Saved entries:
Content starts

(* Let $l,m,n$ be positive integers with $l > m\geq n\geq \frac{l}{2}$, and let $c_1,c_2\in\mathbb{Q}$ be constants. For $0\le k\le m$ and $r\in\{1,2\}$ write $$U_k^{(r)}:=c_1\bigl(H_{k+n}^{(r)} - H_{k+l-n-1}^{(r)}\bigr) + c_2 \bigl(H_{k+m}^{(r)} - H_{k+l-m-1}^{(r)}\bigr).$$ Then \begin{multline*} \sum_{k=0}^{n} \binom{m+k}{k} \binom{m}{k} \binom{n+k}{k} \binom{n}{k} \Bigl\{ \Bigl[1+k \bigl(H_{m+k}^{(1)} +H_{m-k}^{(1)} + H_{n+k}^{(1)} + H_{n-k}^{(1)} -4H_k^{(1)} \bigr)\Bigr] U_k^{(1)} - k\, U_k^{(2)} \Bigr\}\\ + \sum_{k=n+1}^{m} (-1)^{k-n} \binom{m+k}{k} \binom{m}{k} \binom{n+k}{k} \Big/ \binom{k-1}{n}\; U_k^{(1)} = 0. \end{multline*}
   Context: For non-negative integers $i$ and $n$, the generalized harmonic sum is $H^{(i)}_{n}:=\sum_{j=1}^{n} j^{-i}$ for $n\ge 1$, and $H^{(i)}_{0}:=0$. An empty sum (e.g. the second sum when $m=n$) equals $0$. *)

theory Defs
  imports Complex_Main
begin

definition gharm :: "nat \<Rightarrow> nat \<Rightarrow> rat" where
  "gharm i n = (\<Sum>j = 1..n. 1 / (of_nat j) ^ i)"

definition Uk :: "rat \<Rightarrow> rat \<Rightarrow> nat \<Rightarrow> nat \<Rightarrow> nat \<Rightarrow> nat \<Rightarrow> nat \<Rightarrow> rat" where
  "Uk c1 c2 l m n r k =
     c1 * (gharm r (k + n) - gharm r (k + l - n - 1))
   + c2 * (gharm r (k + m) - gharm r (k + l - m - 1))"

end

theory Submission
  imports Defs "HOL-Complex_Analysis.Complex_Analysis"
begin

(*
  For 1 <= j <= m consider the rational function

    F_j(t) = t * prod_{1 <= i <= m, i ~= j} (t + i) * prod_{i=1..n} (t + i)
             / (prod_{i=0..m} (t - i) * prod_{i=0..n} (t - i)).

  Its denominator has degree two more than its numerator, so the residues of F_j at its poles
  0, ..., m add up to zero (integrate over a large circle). For k <= n the pole at k is double;
  computing the residue through the logarithmic derivative of the cofactor gives (-1)^(m+n)
  times the k-th term of the first sum with U^(1)_k, U^(2)_k replaced by 1/(k+j), 1/(k+j)^2.
  For n < k <= m the pole is simple and gives the k-th term of the second sum. Finally U^(r)_k
  is a linear combination of the 1/(k+j)^r with j in [l-n, n] and [l-m, m], both contained in
  [1, m] by the hypotheses, and the left-hand side is linear in (U^(1), U^(2)).
*)

lemma norm_sum_residues_le:
  fixes f :: "complex \<Rightarrow> complex"
  assumes "finite S" "f holomorphic_on - S" "R > 0"
    and inside: "\<And>p. p \<in> S \<Longrightarrow> norm p < R"
    and bound: "\<And>z. norm z = R \<Longrightarrow> norm (f z) \<le> B"
  shows "norm (\<Sum>p\<in>S. residue f p) \<le> B * R"
proof -
  define \<Sigma> where "\<Sigma> = (\<Sum>p\<in>S. residue f p)"
  have image: "path_image (circlepath 0 R) \<subseteq> - S"
  proof
    fix x assume "x \<in> path_image (circlepath 0 R)"
    hence "norm x = R" using \<open>R > 0\<close> by (simp add: path_image_circlepath)
    thus "x \<in> - S" using inside by force
  qed
  have "contour_integral (circlepath 0 R) f
        = 2 * pi * \<i> * (\<Sum>p\<in>S. winding_number (circlepath 0 R) p * residue f p)"
    by (rule Residue_theorem) (use assms image in \<open>auto simp: Compl_eq_Diff_UNIV\<close>)
  also have "\<dots> = 2 * pi * \<i> * \<Sigma>"
    unfolding \<Sigma>_def using inside
    by (intro arg_cong[where f = "\<lambda>x. 2 * pi * \<i> * x"] sum.cong refl)
       (simp add: winding_number_circlepath)
  finally have "(f has_contour_integral 2 * pi * \<i> * \<Sigma>) (circlepath 0 R)"
    using holomorphic_on_subset[OF assms(2) image]
    by (metis contour_integrable_continuous_circlepath has_contour_integral_integral
        holomorphic_on_imp_continuous_on)
  moreover have "B \<ge> 0"
  proof -
    have "norm (f (of_real R)) \<le> B" using bound \<open>R > 0\<close> by simp
    thus ?thesis by (rule order_trans[OF norm_ge_zero])
  qed
  ultimately have "norm (2 * pi * \<i> * \<Sigma>) \<le> B * (2 * pi * R)"
    using \<open>R > 0\<close> bound by (intro has_contour_integral_bound_circlepath) auto
  thus ?thesis unfolding \<Sigma>_def by (simp add: norm_mult)
qed

lemma sum_residues_eq_0_if_decay:
  fixes f :: "complex \<Rightarrow> complex"
  assumes "finite S" and holo: "f holomorphic_on - S"
    and decay: "\<And>z. norm z \<ge> R\<^sub>0 \<Longrightarrow> norm (f z) \<le> C / norm z ^ 2"
  shows "(\<Sum>p\<in>S. residue f p) = 0"
proof -
  define R\<^sub>1 where "R\<^sub>1 = max 1 (max R\<^sub>0 (1 + Max (insert 0 (norm ` S))))"
  have inside: "norm p < R" if "p \<in> S" "R \<ge> R\<^sub>1" for p R
  proof -
    have "norm p \<le> Max (insert 0 (norm ` S))"
      using \<open>finite S\<close> that(1) by (intro Max_ge) auto
    thus ?thesis using that(2) unfolding R\<^sub>1_def by linarith
  qed
  have bound: "norm (\<Sum>p\<in>S. residue f p) \<le> C / R" if "R \<ge> R\<^sub>1" for R
  proof -
    have "R > 0" "R \<ge> R\<^sub>0" using that unfolding R\<^sub>1_def by auto
    have "norm (\<Sum>p\<in>S. residue f p) \<le> C / R ^ 2 * R"
    proof (rule norm_sum_residues_le[OF assms(1,2) \<open>R > 0\<close> inside[OF _ that]])
      show "norm (f z) \<le> C / R ^ 2" if "norm z = R" for z
        using decay[of z] that \<open>R \<ge> R\<^sub>0\<close> by simp
    qed
    thus ?thesis using \<open>R > 0\<close> by (simp add: power2_eq_square)
  qed
  have "eventually (\<lambda>R. norm (\<Sum>p\<in>S. residue f p) \<le> C / R) at_top"
    using eventually_ge_at_top[of R\<^sub>1] by (rule eventually_mono) (rule bound)
  moreover have "((\<lambda>R. C / R) \<longlongrightarrow> 0) at_top"
    by (intro tendsto_divide_0[OF tendsto_const] filterlim_at_top_imp_at_infinity filterlim_ident)
  ultimately have "norm (\<Sum>p\<in>S. residue f p) \<le> 0"
    by (intro tendsto_le[OF _ _ tendsto_const]) auto
  thus ?thesis by simp
qed

lemma norm_prod_diff_le:
  fixes a :: "'i \<Rightarrow> 'a::real_normed_field"
  assumes "\<And>i. i \<in> I \<Longrightarrow> norm (a i) \<le> norm z"
  shows "norm (\<Prod>i\<in>I. z - a i) \<le> (2 * norm z) ^ card I"
proof -
  have "norm (\<Prod>i\<in>I. z - a i) \<le> (\<Prod>i\<in>I. norm (z - a i))" by (rule norm_prod_le)
  also have "\<dots> \<le> (\<Prod>i\<in>I. 2 * norm z)"
  proof (intro prod_mono conjI norm_ge_zero)
    fix i assume "i \<in> I"
    show "norm (z - a i) \<le> 2 * norm z"
      using norm_triangle_ineq4[of z "a i"] assms[OF \<open>i \<in> I\<close>] by linarith
  qed
  finally show ?thesis by simp
qed

lemma norm_prod_diff_ge:
  fixes b :: "'i \<Rightarrow> 'a::real_normed_field"
  assumes "\<And>i. i \<in> J \<Longrightarrow> 2 * norm (b i) \<le> norm z"
  shows "(norm z / 2) ^ card J \<le> norm (\<Prod>i\<in>J. z - b i)"
proof -
  have "(\<Prod>i\<in>J. norm z / 2) \<le> (\<Prod>i\<in>J. norm (z - b i))"
  proof (intro prod_mono conjI)
    fix i assume "i \<in> J"
    show "norm z / 2 \<le> norm (z - b i)"
      using norm_triangle_ineq2[of z "b i"] assms[OF \<open>i \<in> J\<close>] by linarith
    show "0 \<le> norm z / 2" by simp
  qed
  thus ?thesis by (simp add: prod_norm)
qed
(* Let $G\subset\operatorname{SL}(n,\mathbb{k})$ be a finite abelian subgroup and let $\mathscr{E}=(E_\rho:\rho\in G^* )$ be the collection of modules of semi-invariants on $X=\mathbb{A}^n_{\mathbb{k}}/G$. Then the toric algebra $A_{\mathscr{E}}$ is consistent, i.e. $J_W=J_{\mathscr{E}}$.
   Context: $\mathbb{k}$ is an algebraically closed field whose characteristic does not divide $|G|$; $G$ is taken to consist of diagonal matrices, and $\rho_i\in G^*=\operatorname{Hom}(G,\mathbb{k}^\times)$ is the $i$-th diagonal entry. $G$ acts on $\mathbb{k}[x_1,\dots,x_n]$ with $x_i$ of weight $\rho_i$; $R=\mathbb{k}[x_1,\dots,x_n]^G$, $X=\operatorname{Spec}R$ (a Gorenstein affine toric variety with Cox ring $\mathbb{k}[x_1,\dots,x_n]$ and $\operatorname{Cl}(X)\cong G^*$), and $E_\rho$ is the $R$-module spanned by semi-invariant polynomials of weight $\rho$ ($E_{1}=R$). The quiver of sections of $\mathscr{E}$ is the McKay quiver $Q$: vertices $G^*$ and arrows $a_i^\rho:\rho\to\rho\rho_i$ with label monomial $x_i$, for $\rho\in G^*$, $1\le i\le n$ (paths composed right to left; the label of a path is the product of labels of its arrows). $J_{\mathscr{E}}$ is the two-sided ideal of $\mathbb{k}Q$ generated by $p^+-p^-$ for all pairs of paths with equal head, tail and label monomial; it is generated by $a_i^{\rho\rho_j}a_j^\rho-a_j^{\rho\rho_i}a_i^\rho$. A cycle is anticanonical if its label is $x_1x_2\cdots x_n$. For a path $q$, $\partial_qW$ is the sum of all paths $p$ with $pq$ an anticanonical cycle; $\mathscr{P}$ is the set of paths $q$ with $\partial_qW$ a sum of precisely two paths sharing neither initial nor final arrow; $J_W$ is generated by $p^+-p^-$ whenever $\partial_qW=p^++p^-$ with $q\in\mathscr{P}$. Consistency means $J_W=J_{\mathscr{E}}$. *)

theory Defs
  imports "HOL-Computational_Algebra.Polynomial" "HOL-Library.FuncSet"
begin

Content ends

_WORK TASK:_
All that belongs in your answer is the stretch of entries above from the line with "2) \<le> (\<Prod>i\<in>J." through the line with "be a finite", printed exactly.

_RESPONSE AREA:_
  have "(\<Prod>i\<in>J. norm z / 2) \<le> (\<Prod>i\<in>J. norm (z - b i))"
  proof (intro prod_mono conjI)
    fix i assume "i \<in> J"
    show "norm z / 2 \<le> norm (z - b i)"
      using norm_triangle_ineq2[of z "b i"] assms[OF \<open>i \<in> J\<close>] by linarith
    show "0 \<le> norm z / 2" by simp
  qed
  thus ?thesis by (simp add: prod_norm)
qed
(* Let $G\subset\operatorname{SL}(n,\mathbb{k})$ be a finite abelian subgroup and let $\mathscr{E}=(E_\rho:\rho\in G^* )$ be the collection of modules of semi-invariants on $X=\mathbb{A}^n_{\mathbb{k}}/G$. Then the toric algebra $A_{\mathscr{E}}$ is consistent, i.e. $J_W=J_{\mathscr{E}}$.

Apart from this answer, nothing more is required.